The taunt did it. Call her a bitch, but don’t imply her office wasn’t well run. Mari Beth huffed a bit, then minced over to the file cabinet and dug through it importantly. When she’d stalled as long as possible, she removed a folder and handed it to Capri. Tony looked over her shoulder as she opened it. There was a cover sheet with basic info. Tony noticed the mailing address was to a post office box. There was an email address, but no phone number.

“Is it normal for an author to withhold his telephone number?”

Capri frowned. “No. Most of them are dying for The Call and it’s all over everything.”

She lifted the sheet and there was the title page, followed by Elliot’s cover letter. The cover letter was nothing special. Just, here’s my book and you should buy it.

Capri looked at Mari Beth. “You gave this to Dennis?”

“I’m supposed to give submissions to both of you.” She looked and sounded defensive.

“And just how many have gone to Capri in the last week,” Tony asked, not because he needed to know. “Out of all submissions received?”

“Well, now that Dennis is dead—”

“Before he died. Ball park figure?”

Her lips narrowed to an almost invisible line, but she didn’t dare not answer him. “We got, oh, twenty submissions this week.”

“And Dennis got how many of them?” Suddenly he did need to know.

“One or two.”

“Why would you give him this one?” Capri asked.

“You can see it was addressed to him.” She looked at Tony. “Mostly they’re just addressed to ‘editor’ and sometimes to Tique.”

“Tique?”

“He was the previous editor in chief,” Capri said. “He’s dead.” Capri seemed to hesitate, then she said, “I get a lot of stuff addressed to Dennis, Mari Beth.
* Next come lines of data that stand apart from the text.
lemma integral_hard_dist:
  fixes f :: "real \<Rightarrow> real"
  assumes "0 < c" "c < 1" and f: "f \<in> borel_measurable borel"
  shows "(\<integral>x. f x \<partial>hard_dist c) = (f 0 + 2 * f c + f 1) / 4"
proof -
  have "(\<integral>x. f x \<partial>hard_dist c) = (\<integral>x. f x \<partial>measure_pmf (pmf_of_multiset {#0, c, c, 1#}))"
    unfolding hard_dist_def using f by (simp add: integral_distr)
  also have "\<dots> = (\<Sum>a\<in>{0, c, 1}. f a * pmf (pmf_of_multiset {#0, c, c, 1#}) a)"
    by (rule integral_measure_pmf_real) auto
  also have "\<dots> = (f 0 + 2 * f c + f 1) / 4"
    using assms by simp
  finally show ?thesis .
qed

lemma expected_gft_hard_dist:
  assumes "0 < c" "c < 1" "p \<in> {0..1}"
  shows "expected_gft (hard_dist c) p
    = (if p = c then 3 / 8 else if p < c then (2 * c + 1) / 8 else (3 - 2 * c) / 8)"
proof -
  have inner: "(\<integral>y. gft p y z \<partial>hard_dist c) = (gft p 0 z + 2 * gft p c z + gft p 1 z) / 4" for z
    using assms by (intro integral_hard_dist) (auto simp: gft_def)
  show ?thesis
    unfolding expected_gft_def inner using assms
    by (subst integral_hard_dist) (auto simp: gft_def field_simps)
qed

theorem theorem5p4:
  fixes T :: nat and \<Omega> :: "'w measure" and alg :: "'w \<Rightarrow> (bool \<times> bool) list \<Rightarrow> real"
  assumes "prob_space \<Omega>"
    and "\<And>h. (\<lambda>w. alg w h) \<in> borel_measurable \<Omega>"
    and "\<And>w h. alg w h \<in> {0..1}"
  shows "(SUP \<nu>\<in>dists01. regret T \<nu> \<Omega> alg) \<ge> ereal (real T / 9)"
proof -
  have "uncountable {4/9..5/9 :: real}" by (simp add: uncountable_closed_interval)
  then obtain c where c: "c \<in> {4/9..5/9}" and avoid: "AE w in \<Omega>. \<forall>h. alg w h \<noteq> c"
    using exists_value_AE_avoided[where X="\<lambda>h w. alg w h", OF assms(1,2)] by blast
  define \<nu> where "\<nu> = hard_dist c"
  have \<nu>: "\<nu> \<in> dists01" using c by (simp add: \<nu>_def hard_dist_in_dists01)
  have "expected_gft \<nu> (alg w h) \<le> 19 / 72" if "alg w h \<noteq> c" for w h
    using expected_gft_hard_dist[of c "alg w h"] assms(3)[of w h] c that by (auto simp: \<nu>_def)
  with avoid have alg: "alg_reward T \<nu> \<Omega> alg \<le> T * (19 / 72)"
    by (intro alg_reward_le[OF assms(1) \<nu>]) (auto elim!: eventually_mono)
  have "fixed_reward T \<nu> c = T * (3 / 8)"
    using fixed_reward_eq[OF \<nu>] expected_gft_hard_dist[of c c] c by (simp add: \<nu>_def)
  then have fixed: "ereal (T * (3 / 8)) \<le> (SUP p\<in>{0..1}. ereal (fixed_reward T \<nu> p))"
    using c by (intro SUP_upper2[of c]) auto
  have "ereal (real T / 9) \<le> ereal (T * (3 / 8)) - ereal (alg_reward T \<nu> \<Omega> alg)"
    using alg by simp
  also have "\<dots> \<le> regret T \<nu> \<Omega> alg"
    unfolding regret_def using fixed by (rule ereal_minus_mono) simp
  finally show ?thesis
    using \<nu> by (intro SUP_upper2[of \<nu>])
qed

end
Why this one?”

She shifted from one foot to the other. “He came in when I opened it and insisted on it.”

She was lying, but he couldn’t prove it and she knew it. There was a pale gleam of triumph in her round eyes.
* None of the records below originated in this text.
lemma con_lift_Con:
  assumes A: "algebra ar A" and \<psi>: "\<psi> \<in> Con ar A" and \<phi>: "\<phi> \<in> Con ar (quot_alg A \<psi>)"
  shows "con_lift A \<psi> \<phi> \<in> Con ar A"
  unfolding Con_def congruence_def mem_Collect_eq
proof (intro conjI allI impI)
  show "equiv (carrier A) (con_lift A \<psi> \<phi>)"
  proof (rule equivI)
    show "refl_on (carrier A) (con_lift A \<psi> \<phi>)"
      using Con_refl[OF \<phi> class_in_quot_alg] by (auto simp: con_lift_def intro!: refl_onI)
    show "sym (con_lift A \<psi> \<phi>)"
      using Con_sym[OF \<phi>] by (auto simp: con_lift_def intro!: symI)
    show "trans (con_lift A \<psi> \<phi>)"
      using Con_trans[OF \<phi>] by (auto simp: con_lift_def intro!: transI)
  qed (auto simp: con_lift_def)
  fix f xs ys
  assume h: "length xs = ar f \<and> length ys = ar f \<and> list_all2 (\<lambda>x y. (x, y) \<in> con_lift A \<psi> \<phi>) xs ys"
  then have "list_all2 (\<lambda>x y. (x, y) \<in> Nabla A) xs ys"
    by (auto simp: con_lift_def Nabla_def elim: list_all2_mono)
  then have carr: "set xs \<subseteq> carrier A" "set ys \<subseteq> carrier A"
    by (simp_all add: list_all2_in_Nabla)
  have "list_all2 (\<lambda>x y. (x, y) \<in> \<phi>) (map (\<lambda>x. \<psi> `` {x}) xs) (map (\<lambda>x. \<psi> `` {x}) ys)"
    using h by (auto simp: list_all2_conv_all_nth con_lift_def)
  then have "(ops (quot_alg A \<psi>) f (map (\<lambda>x. \<psi> `` {x}) xs),
              ops (quot_alg A \<psi>) f (map (\<lambda>x. \<psi> `` {x}) ys)) \<in> \<phi>"
    using Con_ops[OF \<phi>] h by simp
  then have "(\<psi> `` {ops A f xs}, \<psi> `` {ops A f ys}) \<in> \<phi>"
    using ops_quot_alg_classes[OF \<psi>] h carr by simp
  moreover have "ops A f xs \<in> carrier A" "ops A f ys \<in> carrier A"
    using A h carr unfolding algebra_def by blast+
  ultimately show "(ops A f xs, ops A f ys) \<in> con_lift A \<psi> \<phi>"
    unfolding con_lift_def by simp
qed

lemma con_lift_con_quot:
  assumes \<psi>: "\<psi> \<in> Con ar A" and \<phi>: "\<phi> \<in> Con ar A" and sub: "\<psi> \<subseteq> \<phi>"
  shows "con_lift A \<psi> (con_quot \<psi> \<phi>) = \<phi>"
  using classes_in_con_quot_iff[OF \<psi> \<phi> sub] Con_subset_Nabla[OF \<phi>]
  by (auto simp: con_lift_def Nabla_def)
Her chin lifted. “I don’t see why it matters. It has nothing to do with why he died.”

It didn’t seem to, but Tony’s gut wasn’t so sure. Or he was just hungry. Sometimes it was hard to tell.

Capri noted down the contact info. “I guess I’ll have to email him.”

“Why?” Mari Beth’s tone was sharp.

“The manuscript is missing.”

Her thin brows arched. “Dennis has it.”

“Not anymore. I searched his office myself.”

She paled. “But…”

“I know it offends your sense of order, Mari Beth, but I didn’t lose it. And since Dennis is dead, you’ll just have to deal with it.”

Her chin went up again. “I’ll email the author. Did Mose Milton tell you what he was offering?”

“As little as possible. And don’t tell him we lost it, just that we need an e-file. If you could talk to him, I’d tell you to tell him to get an agent, but I don’t like leaving a paper trail for Mama Ducumb.” She looked at Tony. “I figure she monitors our email.”

Tony grinned. “I guess she wasn’t here the other day?”

“The moon didn’t turn blood red, so I don’t think so.”

Mari Beth’s mouth got impossibly thinner. “You shouldn’t speak about Mrs. Ducumb that way.”

“There’s a lot of things I shouldn’t be doing. I’ll add it to the list.” Capri started to leave, but stopped. “Oh, I need to see the file for,” she pulled a piece of paper out of her pocket, “Hibiscus Summer. The author is Flower Felding.”

“That’s one of Dennis’s authors.” Mari Beth was outraged.

“Dead men can’t have authors.” She stared at Mari Beth until she got the requested folder, but Mari Beth held on to it for several seconds after Capri grabbed it. Tony sensed a catfight coming. Since retreat was sometimes the better part of valor, Tony left. Not that he was opposed to watching two women duke it out. But he was on duty. He’d have to stop it and that just seemed wrong.

The next morning, it was hot enough that Capri started planning ways to avoid her office during the drive to work. Traffic was a bitch, so she had lots of time to think. She’d brought her personal laptop to work. If Elliot had emailed his book to Mari Beth, she’d find a cool spot and work on it—somewhere like the Starbucks down the road. Only one who’d get annoyed was Mari Beth, and Capri was already on her shit list. They’d almost come to blows yesterday.